Table 3 presents comparisons of study endpoints in placebo-controlled studies. Midodrine had slightly greater performance over placebo compared to metoprolol in treatment success and reduction in heart rate variability, while use ivabradine had striking improvements in SF-36 physical functioning scores compared to placebo (29, 35, 41). Table 4 presents comparisons of study endpoints in a study using active comparators. Endpoints were largely similar between bisoprolol and propranolol but adding pyridostigmine to these agents did not significantly improve symptom scores (28).

Table 5 presents the findings of previous systematic reviews on a study level, while Table 6 presents the findings of previous systematic reviews with participant level results. The findings of previous systematic reviews generally appear to be in line with the findings from the original research identified in this review. Negative findings for pyridostigmine and fludrocortisone as compared to other interventions under investigation are striking, with our review failing to find a positive study of fludrocortisone and another finding symptomatic improvement in only 51% of patients using pyridostigmine (44, 46).

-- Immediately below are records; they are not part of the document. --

lemma fmat_unitriangular_inverse:
  fixes Q :: "('a, 'b::comm_ring_1) fmat" and h :: "'a \<Rightarrow> nat"
  assumes fin: "finite X" and height: "\<And>x. x \<in> X \<Longrightarrow> h x \<le> 2"
    and tri: "\<And>x y. x \<in> X \<Longrightarrow> y \<in> X \<Longrightarrow> Q y x \<noteq> fmat_one y x \<Longrightarrow> h y < h x"
  obtains Q' where "\<And>x y. x \<in> X \<Longrightarrow> y \<in> X \<Longrightarrow> fmat_mult X Q Q' y x = fmat_one y x"
    and "\<And>x y. x \<in> X \<Longrightarrow> y \<in> X \<Longrightarrow> fmat_mult X Q' Q y x = fmat_one y x"
proof -
  define N where "N y x = Q y x - fmat_one y x" for y x
  define N2 where "N2 = fmat_mult X N N"
  have Q: "Q = (\<lambda>y x. fmat_one y x + N y x)" by (simp add: N_def)
  have N3: "fmat_mult X N N2 y x = 0" if "y \<in> X" "x \<in> X" for y x
  proof -
    have "N y z * (N z w * N w x) = 0" if "z \<in> X" "w \<in> X" for z w
    proof (rule ccontr)
      assume "N y z * (N z w * N w x) \<noteq> 0"
      then have "Q y z \<noteq> fmat_one y z" "Q z w \<noteq> fmat_one z w" "Q w x \<noteq> fmat_one w x"
        by (auto simp: N_def)
      then have "h y < h z" "h z < h w" "h w < h x"
        using tri that \<open>y \<in> X\<close> \<open>x \<in> X\<close> by blast+
      with height[OF \<open>x \<in> X\<close>] show False by simp
    qed
    then show ?thesis by (simp add: N2_def fmat_mult_def fmat_vec_def sum_distrib_left sum.neutral)
  qed
  define Q' where "Q' = (\<lambda>y x. fmat_one y x - N y x + N2 y x)"
  show ?thesis
  proof
    fix x y assume xy: "x \<in> X" "y \<in> X"
    have "fmat_mult X Q Q' y x = Q' y x + (N y x - N2 y x + fmat_mult X N N2 y x)"
      by (simp add: Q Q'_def fmat_mult_add_left fmat_mult_add_right fmat_mult_diff_right
          fmat_mult_one_left[OF fin xy(2)] fmat_mult_one_right[OF fin xy(1)] N2_def)
    then show "fmat_mult X Q Q' y x = fmat_one y x"
      using N3[OF xy(2,1)] by (simp add: Q'_def)
    have "fmat_mult X Q' Q y x = Q y x - (N y x + N2 y x) + (N2 y x + fmat_mult X N2 N y x)"
      by (simp add: Q'_def Q fmat_mult_add_left fmat_mult_diff_left fmat_mult_add_right
          fmat_mult_one_left[OF fin xy(2)] fmat_mult_one_right[OF fin xy(1)] N2_def)
    then show "fmat_mult X Q' Q y x = fmat_one y x"
      using N3[OF xy(2,1)] by (simp add: Q N2_def fmat_mult_assoc[OF fin])
  qed
qed

lemma fchar_poly_unitriangular_conj:
  fixes M Q F :: "('a, 'b::comm_ring_1) fmat" and h :: "'a \<Rightarrow> nat"
  assumes fin: "finite X" and height: "\<And>x. x \<in> X \<Longrightarrow> h x \<le> 2"
    and tri: "\<And>x y. x \<in> X \<Longrightarrow> y \<in> X \<Longrightarrow> Q y x \<noteq> fmat_one y x \<Longrightarrow> h y < h x"
    and MQ: "\<And>x y. x \<in> X \<Longrightarrow> y \<in> X \<Longrightarrow> fmat_mult X M Q y x = fmat_mult X Q F y x"
  shows "fchar_poly X F = fchar_poly X M"
proof -
  obtain Q' where QQ': "\<And>x y. x \<in> X \<Longrightarrow> y \<in> X \<Longrightarrow> fmat_mult X Q Q' y x = fmat_one y x"
    and Q'Q: "\<And>x y. x \<in> X \<Longrightarrow> y \<in> X \<Longrightarrow> fmat_mult X Q' Q y x = fmat_one y x"
    using fmat_unitriangular_inverse[where h = h and Q = Q, OF fin height tri] by blast
  have "fmat_mult X (fmat_mult X Q' M) Q y x = F y x" if xy: "x \<in> X" "y \<in> X" for x y
  proof -
    have "fmat_mult X (fmat_mult X Q' M) Q y x = fmat_mult X Q' (fmat_mult X M Q) y x"
      by (simp add: fmat_mult_assoc[OF fin])
    also have "\<dots> = fmat_mult X Q' (fmat_mult X Q F) y x"
      by (rule fmat_mult_cong_right) (rule MQ[OF xy(1)])
    also have "\<dots> = fmat_mult X (fmat_mult X Q' Q) F y x"
      by (simp add: fmat_mult_assoc[OF fin])
    also have "\<dots> = fmat_mult X fmat_one F y x"
      by (rule fmat_mult_cong_left) (rule Q'Q[OF _ xy(2)])
    also have "\<dots> = F y x" by (rule fmat_mult_one_left[OF fin xy(2)])
    finally show ?thesis .
  qed
  then have "fchar_poly X F = fchar_poly X (fmat_mult X (fmat_mult X Q' M) Q)"
    by (intro fchar_poly_cong[OF fin]) simp
  also have "\<dots> = fchar_poly X M" by (rule fchar_poly_similar[OF fin Q'Q QQ'])
  finally show ?thesis .
qed

section \<open>Products of cyclotomic polynomials\<close>

definition cyclotomic_form :: "complex poly \<Rightarrow> bool" where
  "cyclotomic_form P \<longleftrightarrow> (\<exists>ns d. (\<forall>n\<in>set ns. n \<ge> 1) \<and> P = prod_list (map cyclotomic ns) * monom 1 d)"

lemma cyclotomic_form_monom: "cyclotomic_form (monom 1 d)"
  unfolding cyclotomic_form_def by (intro exI[of _ "[]"] exI[of _ d]) simp

lemma cyclotomic_form_1: "cyclotomic_form 1"
  using cyclotomic_form_monom[of 0] by (simp add: monom_0 one_pCons)

lemma cyclotomic_form_mult:
  assumes "cyclotomic_form P" "cyclotomic_form Q"
  shows "cyclotomic_form (P * Q)"
proof -
  obtain ns1 d1 ns2 d2 where "\<forall>n\<in>set ns1. n \<ge> 1" "P = prod_list (map cyclotomic ns1) * monom 1 d1"
    "\<forall>n\<in>set ns2. n \<ge> 1" "Q = prod_list (map cyclotomic ns2) * monom 1 d2"
    using assms unfolding cyclotomic_form_def by blast
  then show ?thesis unfolding cyclotomic_form_def
    by (intro exI[of _ "ns1 @ ns2"] exI[of _ "d1 + d2"]) (auto simp: mult_monom algebra_simps)
qed

lemma cyclotomic_form_prod:
  assumes "finite D" "\<And>n. n \<in> D \<Longrightarrow> n \<ge> 1"
  shows "cyclotomic_form (\<Prod>n\<in>D. cyclotomic n)"
  unfolding cyclotomic_form_def
  using assms by (intro exI[of _ "sorted_list_of_set D"] exI[of _ 0])
    (simp add: prod.distinct_set_conv_list[symmetric] monom_0 one_pCons[symmetric])

lemma poly_cyclotomic_eq_0_iff:
  "poly (cyclotomic n) z = 0 \<longleftrightarrow> (\<exists>j. j < n \<and> coprime j n \<and> z = cis (2 * pi * real j / real n))"
  unfolding cyclotomic_def by (subst poly_prod_0) auto

lemma cyclotomic_nonzero: "cyclotomic n \<noteq> 0"
  unfolding cyclotomic_def by (subst prod_zero_iff) auto

lemma poly_prod_cyclotomic_0: "poly (prod_list (map cyclotomic ns)) 0 \<noteq> 0"
proof -
  have "poly (cyclotomic n) 0 \<noteq> 0" for n
    unfolding poly_cyclotomic_eq_0_iff by (auto simp: cis_neq_zero[symmetric])
  then show ?thesis by (induction ns) auto
qed

lemma poly_cyclotomic_primitive_root:
  assumes "n \<ge> 1" shows "poly (cyclotomic n) (cis (2 * pi / real n)) = 0"
proof (cases "n = 1")
  case True
  then show ?thesis unfolding poly_cyclotomic_eq_0_iff by (intro exI[of _ 0]) (simp add: complex_eq_iff)
next
  case False
  then show ?thesis using assms unfolding poly_cyclotomic_eq_0_iff by (intro exI[of _ 1]) simp
qed

lemma cis_eq_imp_int: assumes "cis a = cis b" shows "\<exists>t::int. a - b = 2 * pi * real_of_int t"
proof -
  have "cis (a - b) = 1" using assms cis_divide[of a b] by simp
  then have "cos (a - b) = 1" by (metis cis.sel(1) one_complex.sel(1))
  then obtain t :: int where "a - b = real_of_int t * 2 * pi" using cos_one_2pi_int by blast
  then show ?thesis by (intro exI[of _ t]) simp
qed

lemma primitive_root_of_unity_unique:
  assumes n: "n \<ge> 1" and n': "n' \<ge> 1" and j: "j < n'" "coprime j n'"
    and eq: "cis (2 * pi / real n) = cis (2 * pi * real j / real n')"
  shows "n = n'"
proof -
  obtain t :: int where "2 * pi / real n - 2 * pi * real j / real n' = 2 * pi * real_of_int t"
    using cis_eq_imp_int[OF eq] by blast
  then have "(2 * pi) * (1 / real n - real j / real n') = (2 * pi) * real_of_int t"
    by (simp add: right_diff_distrib)
  then have t: "1 / real n - real j / real n' = real_of_int t" by simp
  have b1: "0 < 1 / real n" "1 / real n \<le> 1" using n by (auto simp: field_simps)
  have b2: "0 \<le> real j / real n'" "real j / real n' < 1" using j n' by (auto simp: field_simps)
  have "t = 0 \<or> t = 1"
  proof -
    have "real_of_int t > -1" "real_of_int t \<le> 1" using t b1 b2 by linarith+
    then show ?thesis by linarith
  qed
  then show ?thesis
  proof
    assume "t = 0"
    then have "real n' = real j * real n" using t n n' by (simp add: field_simps)
    then have nj: "n' = j * n" by (metis of_nat_eq_iff of_nat_mult)
    with j(2) have "j = 1" by (metis coprime_common_divisor_nat dvd_refl dvd_triv_left)
    with nj show ?thesis by simp
  next
    assume "t = 1"
    with t b1 b2 have "1 / real n = 1" "real j / real n' = 0" by linarith+
    then have "n = 1" "j = 0" using n n' by (auto simp: field_simps)
    with j(2) show ?thesis by simp
  qed
qed

lemma cyclotomic_factor_mem:
  assumes "n \<ge> 1" "\<forall>n\<in>set ns. n \<ge> 1"
    and "poly (prod_list (map cyclotomic ns) * monom 1 d) (cis (2 * pi / real n)) = 0"
  shows "n \<in> set ns"
proof -
  have "poly (prod_list (map cyclotomic ns)) (cis (2 * pi / real n)) = 0"
    using assms(3) by (simp add: poly_monom)
  then obtain n' where "n' \<in> set ns" "poly (cyclotomic n') (cis (2 * pi / real n)) = 0"
    by (induction ns) auto
  moreover then obtain j where "j < n'" "coprime j n'" "cis (2 * pi / real n) = cis (2 * pi * real j / real n')"
    unfolding poly_cyclotomic_eq_0_iff by blast
  ultimately show ?thesis using primitive_root_of_unity_unique[of n n' j] assms(1,2) by auto
qed

lemma monom_mult_cancel:
  fixes Q C :: "complex poly"
  assumes C0: "poly C 0 \<noteq> 0" and eq: "monom 1 d1 * Q = C * monom 1 d2"
  shows "Q = C * monom 1 (d2 - d1)"
proof -
  have "d1 \<le> d2"
  proof (rule ccontr)
    assume "\<not> d1 \<le> d2"
    then have "monom 1 d2 * (monom 1 (d1 - d2) * Q) = monom 1 d2 * C"
      using eq by (simp add: mult_monom algebra_simps flip: mult_monom[of 1 "d1 - d2" 1 d2])
    then have "poly (monom 1 (d1 - d2) * Q) 0 = poly C 0" by (simp add: monom_eq_0_iff)
    moreover have "(0::complex) ^ (d1 - d2) = 0" using \<open>\<not> d1 \<le> d2\<close> by simp
    ultimately show False using C0 by (simp add: poly_monom)
  qed
  then have "monom 1 d2 = monom (1::complex) (d2 - d1) * monom 1 d1" by (simp add: mult_monom)
  with eq have "monom 1 d1 * Q = monom 1 d1 * (C * monom 1 (d2 - d1))"
    by (simp add: algebra_simps)
  then show ?thesis by (simp add: monom_eq_0_iff)
qed

lemma cyclotomic_form_cancel_monom: "cyclotomic_form (monom 1 d * Q) \<Longrightarrow> cyclotomic_form Q"
  unfolding cyclotomic_form_def using monom_mult_cancel[OF poly_prod_cyclotomic_0] by blast

lemma cyclotomic_form_cancel_cyclotomic:
  assumes n: "n \<ge> 1" and "cyclotomic_form (cyclotomic n * Q)"
  shows "cyclotomic_form Q"
proof -
  obtain ns d where ns: "\<forall>n\<in>set ns. n \<ge> 1" and eq: "cyclotomic n * Q = prod_list (map cyclotomic ns) * monom 1 d"
    using assms(2) unfolding cyclotomic_form_def by blast
  have "poly (prod_list (map cyclotomic ns) * monom 1 d) (cis (2 * pi / real n)) = 0"
    by (simp only: eq[symmetric] poly_mult poly_cyclotomic_primitive_root[OF n] mult_zero_left)
  then have "n \<in> set ns" by (rule cyclotomic_factor_mem[OF n ns])
  then have "cyclotomic n * Q = cyclotomic n * (prod_list (map cyclotomic (remove1 n ns)) * monom 1 d)"
    using eq by (simp add: prod_list_map_remove1[of n ns] mult.assoc)
  then have "Q = prod_list (map cyclotomic (remove1 n ns)) * monom 1 d"
    using cyclotomic_nonzero by simp
  moreover have "\<forall>n\<in>set (remove1 n ns). n \<ge> 1" using ns by (meson notin_set_remove1)
  ultimately show ?thesis unfolding cyclotomic_form_def by blast
qed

Studies where PASC associated POTS was evaluated are presented in Table 7, with comparison of outcomes of studies reporting participant symptomatic improvement in which patients were identified as having PASC associated POTS to the pooled effect of studies that did not evaluate the treatment in the setting of PASC. Ivabradine slightly outperformed its historical use (78.2% of participants meeting study criteria for successful symptomatic improvement vs. 72.5%, while bisoprolol underperformed the historical performance of beta blockers in general (59.4% vs. 65.1%) (22, 36).